Tuesday, January 24, 2012

Stealth Chinese Drug Paraphernalia in Chicago Area Dollar Store

Those clever Chi-Coms have devised a
dope pipe which looks like a tobacco pipe.
They sell them in Dollar Stores
Many municipalities around Chicago and elsewhere have long had ordinances banning the sale of "drug paraphernalia" -- dope pipes, bongs and toke clips -- the kinds of things that would readily be found in the ubiquitous "head shops" of the late 60s.

But leave it to those clever, entrepreneurial Chinese to find a way around this.

While walking in Skokie this past summer, I spied a product in the window of the Dollar Store at the corner of Oakton and Knox.

It's box blared "Durable Tobacco Pipe".

Having recently resumed pipe smoking after a bit of a hiatus, and attracted by the $2.99 price tag, I went in and bought it.

Sure it wasn't going to be a Peterson or a Savinelli, but for 3 bucks, if it did anything at all, It was a steal, right?

It looked just like a regular old bent briar smoking pipe.

Made by the Chi-Com Zhaofa Corporation of Shanghai, its box told me in broken English that the product was:

"--Durable and can be used repeatedly for a long time.
--Made of high-quality special materials.
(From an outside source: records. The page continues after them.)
lemma Beta_of_nat:
  assumes "1 \<le> k" "k \<le> N"
  shows "Beta (real k) (real N - real k + 1) = 1 / (real (N choose k) * real k)"
proof -
  have "Gamma (real k) = fact (k - 1)"
    using assms Gamma_fact[of "k - 1"] by (simp add: of_nat_diff)
  moreover have "Gamma (real N - real k + 1) = fact (N - k)"
    using assms Gamma_fact[of "N - k"] by (simp add: of_nat_diff add.commute)
  moreover have "Gamma (real k + (real N - real k + 1)) = fact N"
    using Gamma_fact[of N] by (simp add: add.commute)
  moreover have "real (N choose k) = fact N / (fact k * fact (N - k))"
    using assms by (simp add: binomial_fact)
  moreover have "(fact k :: real) = real k * fact (k - 1)"
    using assms by (metis fact_num_eq_if One_nat_def not_one_le_zero)
  ultimately show ?thesis
    unfolding Beta_def using assms by (simp add: field_simps)
qed

lemma beta_cdf_eq_binomial_tail:
  assumes k: "1 \<le> k" "k \<le> N" and x: "0 \<le> x" "x \<le> 1"
  shows "beta_cdf (real k) (real N - real k + 1) x = binomial_tail k N x"
proof -
  consider "x = 0" | "x = 1" | "0 < x" "x < 1" using x by linarith
  then show ?thesis
  proof cases
    case 3
    define c where "c = real (N choose k) * real k"
    have "c > 0" using k by (simp add: c_def)
    have "(LBINT t=0..x. t powr (real k - 1) * (1 - t) powr (real N - real k + 1 - 1))
        = (LBINT t=0..x. t ^ (k - 1) * (1 - t) ^ (N - k))"
    proof (rule interval_integral_cong, goal_cases)
      case (1 t)
      then have "0 < t" "t < 1"
        using 3 by (auto simp: einterval_def min_def max_def split: if_splits)
      moreover have "real k - 1 = real (k - 1)" "real N - real k + 1 - 1 = real (N - k)"
        using k by (auto simp: of_nat_diff)
      ultimately show ?case
        by (simp only: powr_realpow diff_gt_0_iff_gt)
    qed
    also have "\<dots> = (LBINT t=ereal 0..ereal x. t ^ (k - 1) * (1 - t) ^ (N - k))"
      by (simp add: zero_ereal_def)
    also have "\<dots> = binomial_tail k N x / c - binomial_tail k N 0 / c"
    proof (rule interval_integral_FTC_finite)
      show "continuous_on {min 0 x..max 0 x} (\<lambda>t. t ^ (k - 1) * (1 - t) ^ (N - k))"
        by (intro continuous_intros)
      fix t
      have "((\<lambda>t. binomial_tail k N t / c) has_real_derivative beta_density k N t / c) (at t)"
        using has_real_derivative_binomial_tail[OF k] by (rule DERIV_cdivide)
      moreover have "beta_density k N t / c = t ^ (k - 1) * (1 - t) ^ (N - k)"
        using \<open>c > 0\<close> k by (simp add: beta_density_def c_def)
      ultimately show "((\<lambda>t. binomial_tail k N t / c) has_vector_derivative
          t ^ (k - 1) * (1 - t) ^ (N - k)) (at t within {min 0 x..max 0 x})"
        by (simp add: has_real_derivative_iff_has_vector_derivative[symmetric]
            has_field_derivative_at_within)
    qed
    finally show ?thesis
      using 3 k Beta_of_nat[OF k] \<open>c > 0\<close> binomial_tail_0[OF k(1)]
      by (simp add: beta_cdf_def c_def)
  qed (use k in \<open>auto simp: beta_cdf_def binomial_tail_0 binomial_tail_1\<close>)
qed

lemma F_B_Suc_eq_binomial_tail:
  "1 \<le> k \<Longrightarrow> k \<le> N \<Longrightarrow> 0 \<le> x \<Longrightarrow> x \<le> 1 \<Longrightarrow> F_B (Suc k) (Suc N) x = binomial_tail (Suc k) (Suc N) x"
  unfolding F_B_def using beta_cdf_eq_binomial_tail[of "Suc k" "Suc N" x] by simp
text \<open>Induction on \<open>\<Phi>\<close>: a point separating \<open>\<psi>\<close> from \<open>\<Phi>\<close> either is orthogonal to the new
  vector \<open>\<phi>\<close>, or can be corrected by adding a point separating \<open>\<psi> + \<phi>\<close> from \<open>\<Phi>\<close>.\<close>

lemma ex_bdot_separating:
  assumes I: "finite I"
  shows "finite \<Phi> \<Longrightarrow> \<Phi> \<subseteq> supported_on I \<Longrightarrow> \<psi> \<in> supported_on I \<Longrightarrow> \<psi> \<notin> fv.span \<Phi> \<Longrightarrow>
    \<exists>x. (\<forall>\<phi>\<in>\<Phi>. bdot I \<phi> x = 0) \<and> bdot I \<psi> x = 1"
proof (induction \<Phi> arbitrary: \<psi> rule: finite_induct)
  case empty
  have "\<psi> \<noteq> 0" using empty.prems(3) fv.span_zero by metis
  then obtain i where i: "\<psi> i = 1" using bit_cases by (metis ext zero_fun_apply)
  then have "i \<in> I" using empty.prems(2) by (auto simp: supported_on_def)
  then show ?case using i bdot_unit_vec_right[OF I] by (intro exI[of _ "unit_vec i"]) simp
next
  case (insert \<phi> \<Phi>)
  have span_le: "fv.span \<Phi> \<subseteq> fv.span (insert \<phi> \<Phi>)" by (rule fv.span_mono) auto
  have \<Phi>_supp: "\<Phi> \<subseteq> supported_on I" using insert.prems(1) by simp
  have "\<psi> \<notin> fv.span \<Phi>" using insert.prems(3) span_le by blast
  then obtain x1 where x1: "\<forall>\<phi>\<in>\<Phi>. bdot I \<phi> x1 = 0" "bdot I \<psi> x1 = 1"
    using insert.IH[OF \<Phi>_supp insert.prems(2)] by blast
  show ?case
  proof (cases "bdot I \<phi> x1 = 0")
    case True
    then show ?thesis using x1 by auto
  next
    case False
    then have \<phi>x1: "bdot I \<phi> x1 = 1" using bit_cases by auto
    have notin: "\<psi> + \<phi> \<notin> fv.span \<Phi>"
    proof
      assume "\<psi> + \<phi> \<in> fv.span \<Phi>"
      then have "\<psi> + \<phi> \<in> fv.span (insert \<phi> \<Phi>)" using span_le by blast
      then have "(\<psi> + \<phi>) + \<phi> \<in> fv.span (insert \<phi> \<Phi>)"
        by (rule fv.span_add) (simp add: fv.span_base)
      moreover have "(\<psi> + \<phi>) + \<phi> = \<psi>" by (simp add: fun_eq_iff add.assoc)
      ultimately show False using insert.prems(3) by simp
    qed
    have "\<psi> + \<phi> \<in> supported_on I" using insert.prems(1,2) by (auto simp: supported_on_def)
    then obtain x2 where x2: "\<forall>\<phi>\<in>\<Phi>. bdot I \<phi> x2 = 0" "bdot I (\<psi> + \<phi>) x2 = 1"
      using insert.IH[OF \<Phi>_supp _ notin] by blast
    show ?thesis
    proof (cases "bdot I \<phi> x2 = 0")
      case True
      then show ?thesis using x2 by (intro exI[of _ x2]) (simp add: bdot_add_left)
    next
      case False
      then have "bdot I \<phi> x2 = 1" "bdot I \<psi> x2 = 0"
        using x2(2)[unfolded bdot_add_left] bit_cases by auto
      then have "\<forall>\<phi>'\<in>insert \<phi> \<Phi>. bdot I \<phi>' (x1 + x2) = 0" "bdot I \<psi> (x1 + x2) = 1"
        unfolding bdot_add_right using x1 x2(1) \<phi>x1 by auto
      then show ?thesis by blast
    qed
  qed
qed

lemma in_span_if_bdot_annihilated:
  assumes "finite I" "finite \<Phi>" "\<Phi> \<subseteq> supported_on I" "\<psi> \<in> supported_on I"
    and annihilated: "\<And>x. \<forall>\<phi>\<in>\<Phi>. bdot I \<phi> x = 0 \<Longrightarrow> bdot I \<psi> x = 0"
  shows "\<psi> \<in> fv.span \<Phi>"
proof (rule ccontr)
  assume "\<psi> \<notin> fv.span \<Phi>"
  then obtain x where "\<forall>\<phi>\<in>\<Phi>. bdot I \<phi> x = 0" "bdot I \<psi> x = 1"
    using ex_bdot_separating[OF assms(1-4)] by blast
  then show False using annihilated by simp
qed

section \<open>The receivers of the index coding problem\<close>

lemma Xmsg_in_Zset: "Xmsg j \<in> Zset r \<rho> \<longleftrightarrow> j \<in> {1..\<rho> {1..r}}"
  unfolding Zset_def Xset_def Yset_def zeta_def by auto

lemma Ymsg_in_Yset: "Ymsg i j \<in> Yset r \<rho> \<longleftrightarrow> i \<in> {1..r} \<and> j \<in> {1..\<rho> {i}}"
  unfolding Yset_def zeta_def by auto

lemma Xmsg_notin_Yset: "Xmsg j \<notin> Yset r \<rho>"
  unfolding Yset_def zeta_def by auto

lemma Yset_subset_Zset: "Yset r \<rho> \<subseteq> Zset r \<rho>"
  unfolding Zset_def by auto

lemma finite_Yset: "finite (Yset r \<rho>)"
  unfolding Yset_def zeta_def by auto

lemma card_Xset: "card (Xset k) = k"
proof -
  have "Xset k = Xmsg ` {1..k}" unfolding Xset_def by auto
  then show ?thesis by (simp add: card_image inj_on_def)
qed

text \<open>The messages \<open>y_l^q\<close>, \<open>l \<in> S\<close>, \<open>q \<le> b l\<close>; the \<open>\<eta>\<close>-families needed from \<open>R_1\<close> and \<open>R_2\<close> are of
  this form.\<close>

definition ymsgs :: "(nat \<Rightarrow> nat) \<Rightarrow> nat set \<Rightarrow> msg set" where
  "ymsgs b S = (\<Union>l\<in>S. Ymsg l ` {1..b l})"

lemma ymsgs_iff: "y \<in> ymsgs b S \<longleftrightarrow> (\<exists>l q. y = Ymsg l q \<and> l \<in> S \<and> q \<in> {1..b l})"
  unfolding ymsgs_def by blast

lemma finite_ymsgs: "finite S \<Longrightarrow> finite (ymsgs b S)"
  unfolding ymsgs_def by auto

lemma card_ymsgs: "finite S \<Longrightarrow> card (ymsgs b S) = (\<Sum>l\<in>S. b l)"
  unfolding ymsgs_def by (subst card_UN_disjoint) (auto simp: card_image inj_on_def)

lemma ymsgs_mono: "S \<subseteq> T \<Longrightarrow> (\<And>l. l \<in> S \<Longrightarrow> b l \<le> b' l) \<Longrightarrow> ymsgs b S \<subseteq> ymsgs b' T"
  unfolding ymsgs_def by fastforce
Not contain any harmful objects.
-- The rubber ring can prevent smoke and tar from leaking.
--Remove tar while using for about 10 times.
-- Replace with an auxiliary rubber ring if damages."

I have been buying pipes for some years and never was treated to such admonitions before and frankly, I'm still not sure what some of them mean.

So when I got my new $2.99 Chi-com pipe back home, I discovered that I was now the proud owner of a very cleverly disguised dope smoking pipe.

The bowl contained a perforated metal lining which cut the bowl size in half -- perfect for a small bit of pot.

The "rubber ring" to "prevent smoke and tar from leaking" was actually an adaptor that fit above the metal lined semi-bowl, and had a very tiny bowl, perfect size for smoking a crack cocaine "rock" or a bit of hashish -- but utterly useless for tobacco smoking.

Stuck with the crazy thing, and $3 poorer for it, I decided to at least give it a try with tobacco in the steel semi-bowl.

The taste was hideous. And the steel bowl became almost too hot to handle.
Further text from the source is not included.